Home » Health » Heyder files a protection appeal for assisted death: “It is torture to be conscious” | National

Heyder files a protection appeal for assisted death: “It is torture to be conscious” | National

Follow the judicial battle of the Human Rights activist, Cecilia Heyder, for an assisted death to be authorized. The 54-year-old woman has been admitted to Hospital San José for more than three months after being diagnosed with a metastasis from breast cancer.

Heyder has been dealing with high-risk illnesses since the 1980s.

Due to its recent metastasis, filed an appeal for protection in which he asks the court to resolve two points: That he be granted the assisted death procedure and that not be discharged, that is, sent to your home, while you are alive. The reason? considers that anything contrary to what they ask for in the letter, is a violation of their rights.
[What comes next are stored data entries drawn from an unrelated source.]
lemma rho_laurent_pow_on_exposed_ge:
  assumes "l \<ge> 1" "finite S" "\<nu>0 \<in> S"
    and exposed: "\<And>\<mu>. \<mu> \<in> S \<Longrightarrow> \<mu> \<noteq> \<nu>0 \<Longrightarrow> (\<Sum>i\<in>UNIV. \<mu> i * \<nu>0 i) < (\<Sum>i\<in>UNIV. \<nu>0 i * \<nu>0 i)"
  shows "weight \<nu>0 ^ l \<le> \<rho> (laurent_pow_on S f l (\<lambda>i. int l * \<nu>0 i)) * rmono r (\<lambda>i. int l * \<nu>0 i)"
proof -
  have additive: "(\<Sum>i\<in>UNIV. (\<nu> i - \<mu> i) * \<nu>0 i) = (\<Sum>i\<in>UNIV. \<nu> i * \<nu>0 i) - (\<Sum>i\<in>UNIV. \<mu> i * \<nu>0 i)"
    for \<nu> \<mu> :: "'n \<Rightarrow> int"
    by (simp add: left_diff_distrib sum_subtractf)
  have "laurent_pow_on S f l (\<lambda>i. int l * \<nu>0 i) = f \<nu>0 ^ l"
    using laurent_pow_on_diagonal[where \<phi> = "\<lambda>\<mu>. \<Sum>i\<in>UNIV. \<mu> i * \<nu>0 i",
        OF \<open>finite S\<close> \<open>\<nu>0 \<in> S\<close> additive exposed] .
  moreover have "weight \<nu>0 ^ l = \<rho> (f \<nu>0) ^ l * rmono r (\<lambda>i. int l * \<nu>0 i)"
    by (simp add: weight_def rmono_scale[OF r_pos] power_mult_distrib)
  moreover have "\<rho> (f \<nu>0) ^ l \<le> \<rho> (f \<nu>0 ^ l)"
    using rho_power_ge[OF \<open>l \<ge> 1\<close>] .
  ultimately show ?thesis
    using rmono_r_pos by (simp add: mult_right_mono less_imp_le)
qed

lemma laurent_pow_norm_lower_bound:
  assumes "l \<ge> 1"
  shows "max_weight ^ l \<le> laurent_norm N r (laurent_pow N f l)"
proof (cases "max_weight = 0")
  case True
  then show ?thesis
    using assms laurent_pow_norm_nonneg by (simp add: power_0_left)
next
  case False
  then have "max_weight > 0"
    using max_weight_nonneg by simp
  define S where "S = {\<nu>. weight \<nu> = max_weight}"
  have "finite S"
    using finite_large_weights[OF \<open>max_weight > 0\<close>] by (rule finite_subset[rotated]) (auto simp: S_def)
  have "S \<noteq> {}"
    using max_weight_attained by (auto simp: S_def)
  obtain M' where M': "0 \<le> M'" "M' < max_weight" "\<And>\<nu>. weight \<nu> \<noteq> max_weight \<Longrightarrow> weight \<nu> \<le> M'"
    using weight_gap[OF \<open>max_weight > 0\<close>] by blast
  obtain \<nu>0 where "\<nu>0 \<in> S"
    and exposed: "\<And>\<mu>. \<mu> \<in> S \<Longrightarrow> \<mu> \<noteq> \<nu>0 \<Longrightarrow> (\<Sum>i\<in>UNIV. \<mu> i * \<nu>0 i) < (\<Sum>i\<in>UNIV. \<nu>0 i * \<nu>0 i)"
    using finite_set_exposed_point[OF \<open>finite S\<close> \<open>S \<noteq> {}\<close>] by blast
  define v where "v = (\<lambda>i. int l * \<nu>0 i)"
  define p where "p = laurent_pow N f l v"
  define u where "u = laurent_pow_on S f l v"
  have lower: "max_weight ^ l \<le> \<rho> u * rmono r v"
    using rho_laurent_pow_on_exposed_ge[OF assms \<open>finite S\<close> \<open>\<nu>0 \<in> S\<close> exposed] \<open>\<nu>0 \<in> S\<close>
    by (simp add: S_def u_def v_def)
  have "\<rho> (p - u) * rmono r v \<le> M' * max_weight ^ l / max_weight"
    unfolding p_def u_def using M' weight_le_max_weight
    by (intro rho_laurent_pow_remainder_le[OF \<open>finite S\<close> \<open>max_weight > 0\<close>]) (auto simp: S_def)
  also have "\<dots> < max_weight ^ l"
    using M'(2) \<open>max_weight > 0\<close> by (simp add: pos_divide_less_eq mult_strict_right_mono)
  finally have "\<rho> (p - u) * rmono r v < \<rho> u * rmono r v"
    using lower by linarith
  then have "\<rho> (p - u) < \<rho> u"
    by (rule mult_right_less_imp_less) (simp add: less_imp_le rmono_r_pos)
  then have "\<rho> u * rmono r v \<le> N p * rmono r v"
    using rho_le_of_diff_less rho_le_N[of p] rmono_r_pos[of v] by (intro mult_right_mono) fastforce+
  also have "\<dots> \<le> laurent_norm N r (laurent_pow N f l)"
    unfolding p_def by (rule coeff_le_laurent_pow_norm)
  finally show ?thesis
    using lower by linarith
qed

lemma tendsto_root_laurent_pow_norm:
  "(\<lambda>l. laurent_norm N r (laurent_pow N f l) powr (1 / real l)) \<longlonglongrightarrow> max_weight"
proof (rule tendsto_root_of_exponential_bounds[OF laurent_pow_norm_nonneg max_weight_nonneg
      laurent_pow_norm_lower_bound])
  fix \<delta> :: real
  assume "\<delta> > 0"
  then obtain C where "\<And>l \<nu>. N (laurent_pow N f l \<nu>) * rmono r \<nu> \<le> C * (max_weight + \<delta>) ^ l"
    using laurent_pow_coeff_growth by blast
  then show "\<exists>C. \<forall>l. laurent_norm N r (laurent_pow N f l) \<le> C * (max_weight + \<delta>) ^ l"
    by (blast intro: laurent_norm_least)
qed

end

theorem proposition2p3:
  fixes N :: "'a::comm_ring_1 \<Rightarrow> real"
    and r :: "'n::finite \<Rightarrow> real"
    and f :: "('n \<Rightarrow> int) \<Rightarrow> 'a"
  assumes "nonarch_banach_ring N"
    and "\<forall>i. 0 < r i"
    and "f \<in> laurent_ring N r"
  shows "(\<exists>\<nu>. spectral_radius (laurent_norm N r) (laurent_pow N) f
                 = spectral_radius N (\<lambda>a l. a ^ l) (f \<nu>) * rmono r \<nu>) \<and>
         (\<forall>\<nu>. spectral_radius N (\<lambda>a l. a ^ l) (f \<nu>) * rmono r \<nu>
                 \<le> spectral_radius (laurent_norm N r) (laurent_pow N) f)"
proof -
  interpret laurent_series N r f
    using assms by unfold_locales auto
  have radius: "spectral_radius (laurent_norm N r) (laurent_pow N) f = max_weight"
    unfolding spectral_radius_def by (rule limI[OF tendsto_root_laurent_pow_norm])
  have coeff_radius: "spectral_radius N (\<lambda>a l. a ^ l) (f \<nu>) * rmono r \<nu> = weight \<nu>" for \<nu>
    by (simp add: weight_def \<rho>_def)
  obtain \<nu>m where "max_weight = weight \<nu>m"
    using max_weight_attained by metis
  then show ?thesis
    unfolding radius coeff_radius using weight_le_max_weight by blast
qed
While justice resolves, Cecilia decided to publish a letter on her social networks asking the Government for a solution and that her requests be fulfilled, in other words, that euthanasia be authorized, something that in Chile is not legislated.

She agreed to speak with Radio Bío Bío and expressed her anguish to the authorities: “There is no time for me, I ask all of them to please grant me the right to my dignified death. It’s not life, it’s torture to be conscious, to be lucid ”.


In addition to metastatic breast cancer, she has also suffered from ovarian cancer, systemic lupus erythematosus, antiphospholipid syndrome, high blood pressure, and anemia coagulopathy.

Her defense attorney, Pablo Villar, pointed out the reasons for the protection appeal presented and the reasons that Cecilia has for refusing to be transferred to her home.

“One wonders why, if this person is asking for a death, at the same time he wants to stay in the hospital? The answer is quite simple, because in her home she does not have the conditions to have a dignified death“, He detailed.

The associate researcher of the Faculty of Health and Social Sciences of Universidad de Las Américas, Dr. Hernán Sandoval, argued that euthanasia should be recognized in Chilean legislation and emphasized the importance of palliative care.

The Euthanasia Law is currently being processed in Congress and it was approved on December 17 as a bill in the Chamber of Deputies, after 7 years of being presented as an initiative in the second government of Michelle Bachellet, with the aim of guaranteeing an assisted death and respecting autonomy in the decisions of the patients.